I told a brand new PhD student here at The University of Texas, Greg Capps, about my regular blogging on the FASB disclosure project. He had an interesting story to tell me. He said…
“In my auditing days, perhaps the worst thing we did to a client was hand them the 250-page GAAP Disclosure Checklist and tell them we need them to fill it out by Friday. Of course, they would just ask for a copy of last year’s checklist and have one of their staff fill it out verbatim. That exchange is very indicative of what has been the general approach to disclosures for many years: there are an awfully lot of requirements, there isn’t necessarily a clear pattern, and a lot of disclosures will find themselves in financial statements for years after they were last relevant for an entity.”

The FASB Disclosure Project is an attempt to create a forest from the trees and in the process, change the view of disclosure from a compliance exercise to a more organic perpetual process of evaluating the relevance of information.

Born from investor comments that information overload and redundancy were reducing the usefulness of disclosures, the project officially began about 2 years ago. The project is still in the research phase and a discussion paper is still in the works (expected in Q4 of this year) so it is still a project with much plasticity. The high-level objectives could be seen as two sub-projects: to better coordinate disclosures through the development of guiding principles for disclosure and to reduce redundancy in annual reports by integrating MD&A information and footnotes.

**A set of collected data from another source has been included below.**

lemma max_rank_funpow_if_max_rank_Suc:
  fixes d :: "nat \<Rightarrow> nat"
  assumes D: "0 < d N"
    and "max_rank (sum_vars_mult (Suc N) d)
      (graded_piece (Suc N) d (i + d N - 1)) (graded_piece (Suc N) d (i + d N) :: 'k::comm_ring_1 coeff_fun set)"
  shows "max_rank (sum_vars_mult N d ^^ d N)
    (graded_piece N d i) (graded_piece N d (i + d N) :: 'k coeff_fun set)"
  using assms(2) unfolding max_rank_def
  by (elim disjE) (simp_all add: inj_on_funpow_if_inj_on_sum_vars_mult_Suc[where N = N and d = d, OF D]
      funpow_onto_if_sum_vars_mult_Suc_onto[where N = N and d = d, OF D])

lemma max_rank_Suc_if_max_rank_funpow:
  fixes d :: "nat \<Rightarrow> nat"
  assumes D: "0 < d N"
    and rank: "d N \<le> Suc j \<Longrightarrow> max_rank (sum_vars_mult N d ^^ d N)
      (graded_piece N d (Suc j - d N)) (graded_piece N d (Suc j) :: 'k::comm_ring_1 coeff_fun set)"
  shows "max_rank (sum_vars_mult (Suc N) d)
    (graded_piece (Suc N) d j) (graded_piece (Suc N) d (Suc j) :: 'k coeff_fun set)"
proof (cases "d N \<le> Suc j")
  case True
  define i where "i = Suc j - d N"
  have j: "i + d N - 1 = j" "i + d N = Suc j"
    using True D by (auto simp: i_def)
  from rank[OF True, unfolded max_rank_def i_def[symmetric]] show ?thesis
  proof
    assume "inj_on (sum_vars_mult N d ^^ d N) (graded_piece N d i :: 'k coeff_fun set)"
    then have "inj_on (sum_vars_mult (Suc N) d) (graded_piece (Suc N) d j :: 'k coeff_fun set)"
      by (intro inj_on_sum_vars_mult_Suc[where N = N and d = d, OF D]) (simp add: i_def)
    then show ?thesis
      by (simp add: max_rank_def)
  next
    assume "(sum_vars_mult N d ^^ d N) ` graded_piece N d i = (graded_piece N d (Suc j) :: 'k coeff_fun set)"
    then have "sum_vars_mult (Suc N) d ` graded_piece (Suc N) d j
        = (graded_piece (Suc N) d (Suc j) :: 'k coeff_fun set)"
      using sum_vars_mult_Suc_onto_if_funpow_onto[where N = N and d = d and i = i, OF D] by (simp add: j)
    then show ?thesis
      by (simp add: max_rank_def)
  qed
next
  case False
  then have "inj_on (sum_vars_mult (Suc N) d) (graded_piece (Suc N) d j :: 'k coeff_fun set)"
    by (intro inj_on_sum_vars_mult_Suc[where N = N and d = d, OF D]) simp
  then show ?thesis
    by (simp add: max_rank_def)
qed
(* For positive integers $m, r$ with $r$ even and $m \geq 4$, $C_m(r) = 3$.
   Context: For positive integers $m, r$, $C_m(r)$ is the minimum odd positive integer $n$ such that there exist vectors $v_1, \ldots, v_n \in \mathbb{Z}^m$ (not necessarily distinct) with $|v_i| = \sqrt{r}$ for every $i$ and $v_1 + \cdots + v_n = \mathbf{0}$; if no such odd $n$ exists, $C_m(r) = 0$. Here $|\cdot|$ is the Euclidean norm. *)

theory Defs
  imports Main
begin

(* Vectors in Z^m are represented as integer lists of length m.
   |v| = sqrt r  iff  the sum of squares of the coordinates equals r. *)

definition sq_norm :: "int list \<Rightarrow> int" where
  "sq_norm v = (\<Sum>x\<leftarrow>v. x ^ 2)"

definition zero_sum_config :: "nat \<Rightarrow> nat \<Rightarrow> nat \<Rightarrow> bool" where
  "zero_sum_config m r n \<longleftrightarrow>
     (\<exists>vs :: nat \<Rightarrow> int list.
        (\<forall>i<n. length (vs i) = m \<and> sq_norm (vs i) = int r) \<and>
        (\<forall>j<m. (\<Sum>i<n. vs i ! j) = 0))"

definition C :: "nat \<Rightarrow> nat \<Rightarrow> nat" where
  "C m r = (if \<exists>n. odd n \<and> zero_sum_config m r n
            then (LEAST n. odd n \<and> zero_sum_config m r n) else 0)"

end

(* By Lagrange's four-square theorem, r/2 = a^2 + b^2 + c^2 + d^2 for some integers a, b, c, d.
   The three vectors
     (a-b, a+b, c-d, c+d),  (-a-c, d-b, a-c, -d-b),  (b+c, -a-d, d-a, b-c)
   sum to zero and each has squared norm 2(a^2 + b^2 + c^2 + d^2) = r; padding with zeros
   gives three such vectors in Z^m for every m >= 4. One vector of positive norm is never
   zero, so C_m(r) = 3.
   Lagrange's theorem is proved in the classical way: Euler's four-square identity reduces it
   to primes p; some multiple m p with 0 < m < p is a sum of four squares by pigeonhole on
   x^2 and -1 - y^2 modulo p, and Euler's descent lowers m to 1. *)
theory Submission
  imports Defs "HOL-Number_Theory.Number_Theory"
begin

subsection \<open>Lagrange's four-square theorem\<close>

definition sum_of_four_squares :: "int \<Rightarrow> bool" where
  "sum_of_four_squares n \<longleftrightarrow> (\<exists>a b c d. n = a^2 + b^2 + c^2 + d^2)"

lemma euler_four_square_identity:
  fixes a b c d w x y z :: int
  shows "(a^2 + b^2 + c^2 + d^2) * (w^2 + x^2 + y^2 + z^2) =
    (a*w + b*x + c*y + d*z)^2 + (a*x - b*w + c*z - d*y)^2 +
    (a*y - b*z - c*w + d*x)^2 + (a*z + b*y - c*x - d*w)^2"
  unfolding power2_eq_square by (simp add: algebra_simps)

lemma sum_of_four_squares_mult:
  "sum_of_four_squares x \<Longrightarrow> sum_of_four_squares y \<Longrightarrow> sum_of_four_squares (x * y)"
  unfolding sum_of_four_squares_def by (metis euler_four_square_identity)

lemma exists_centered_residue:
  fixes x m :: int
  assumes "0 < m"
  obtains y where "[y = x] (mod m)" "4 * y^2 \<le> m^2"
proof
  define y where "y = (x + m div 2) mod m - m div 2"
  show "[y = x] (mod m)"
    unfolding y_def cong_def by (simp add: mod_diff_left_eq)
  have "- (m div 2) \<le> y" "y < m - m div 2"
    using assms unfolding y_def by auto
  then have "\<bar>2 * y\<bar> \<le> m"
    by linarith
  then have "(2 * y)^2 \<le> m^2"
    using abs_le_square_iff by fastforce
  then show "4 * y^2 \<le> m^2"
    by (simp add: power_mult_distrib)
qed

(* Euler's division step: when the w, x, y, z are congruent to a, b, c, d, all four squares
   in Euler's identity for (m n)(m r) are divisible by m^2. *)
lemma sum_of_four_squares_divide:
  fixes m n r a b c d w x y z :: int
  assumes "m \<noteq> 0"
    and "[w = a] (mod m)" "[x = b] (mod m)" "[y = c] (mod m)" "[z = d] (mod m)"
    and n: "m * n = a^2 + b^2 + c^2 + d^2"
    and r: "w^2 + x^2 + y^2 + z^2 = m * r"
  shows "sum_of_four_squares (r * n)"
proof -
  define A where "A = a*w + b*x + c*y + d*z"
  define B where "B = a*x - b*w + c*z - d*y"
  define C where "C = a*y - b*z - c*w + d*x"
  define D where "D = a*z + b*y - c*x - d*w"
  have euler: "(m * n) * (m * r) = A^2 + B^2 + C^2 + D^2"
    unfolding A_def B_def C_def D_def n r[symmetric] by (rule euler_four_square_identity)
  have "[A = a*a + b*b + c*c + d*d] (mod m)"
    unfolding A_def using assms by (intro cong_add cong_mult) (auto simp: cong_sym)
  then have "[A = m * n] (mod m)"
    using n by (simp add: power2_eq_square)
  then have "m dvd A"
    by (simp add: cong_def mod_eq_0_iff_dvd [symmetric])
  moreover have "[B = a*b - b*a + c*d - d*c] (mod m)"
    unfolding B_def using assms by (intro cong_add cong_mult cong_diff) (auto simp: cong_sym)
  then have "m dvd B"
    by (simp add: cong_0_iff)
  moreover have "[C = a*c - b*d - c*a + d*b] (mod m)"
    unfolding C_def using assms by (intro cong_add cong_mult cong_diff) (auto simp: cong_sym)
  then have "m dvd C"
    by (simp add: cong_0_iff)
  moreover have "[D = a*d + b*c - c*b - d*a] (mod m)"
    unfolding D_def using assms by (intro cong_add cong_mult cong_diff) (auto simp: cong_sym)
  then have "m dvd D"
    by (simp add: cong_0_iff)
  ultimately obtain A' B' C' D' where "A = m * A'" "B = m * B'" "C = m * C'" "D = m * D'"
    by (auto simp: dvd_def)
  with euler have "m^2 * (r * n) = m^2 * (A'^2 + B'^2 + C'^2 + D'^2)"
    by (simp add: power_mult_distrib algebra_simps power2_eq_square)
  then have "r * n = A'^2 + B'^2 + C'^2 + D'^2"
    using assms(1) by simp
  then show ?thesis
    unfolding sum_of_four_squares_def by blast
qed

For sub-project one, the approach to developing a framework has been an inductive one. The FASB started by classifying existing disclosures into categories of disclosures:
1.) Description of the entity, accounting policies and estimates
2.) Description of processes and significant conditions/events
3.) Disaggregation of accounts and roll-forward of balances
4.) Measurement basis and alternative measures
5.) Analysis of risks and uncertainties of future cash flows
6.) An “other” category for disclosures which do not fit logically in the previous categories

As of February, the FASB was still debating these categories but perhaps the bigger questions are how we get to principles from these general categories. One of the Board’s main objectives has been to point out that they do not want this to be a compliance exercise with a comprehensive list of disclosures. Not all disclosures will be applicable for every company but how do we develop principles that say when a disclosure is applicable? Ultimately, I think the goal would be a model where investors can provide feedback to a company about their disclosure quality and the company can adjust. This way, the application of principles can evolve naturally to meet the information relevance standards of various industries.

The second sub-project has the objective of reducing data redundancy within annual reports. There are a lot of contextual questions around this objective that may become clearer after a discussion paper is issued. How will the FASB work with SEC on reducing redundancy? Adding information to the footnotes from MD&A will raise questions of auditor responsibility (especially in the areas of value uncertainty and forward-looking information). The IASB has been tracking the project but will they move forward with one of their own? If so, they will have different governing authorities over information disclosed outside the financial statements (i.e. the SEC for US Registrants). How will this project interact with the currently deferred Financial Statement Presentation Project? Finally, one intriguing topic is how this project will be used with XBRL and other search technology. There are some great possibilities in this area.

The archived round-table from February 23 provides further details but it will be interesting to see the evolution of this project as it will undoubtedly be far-reaching.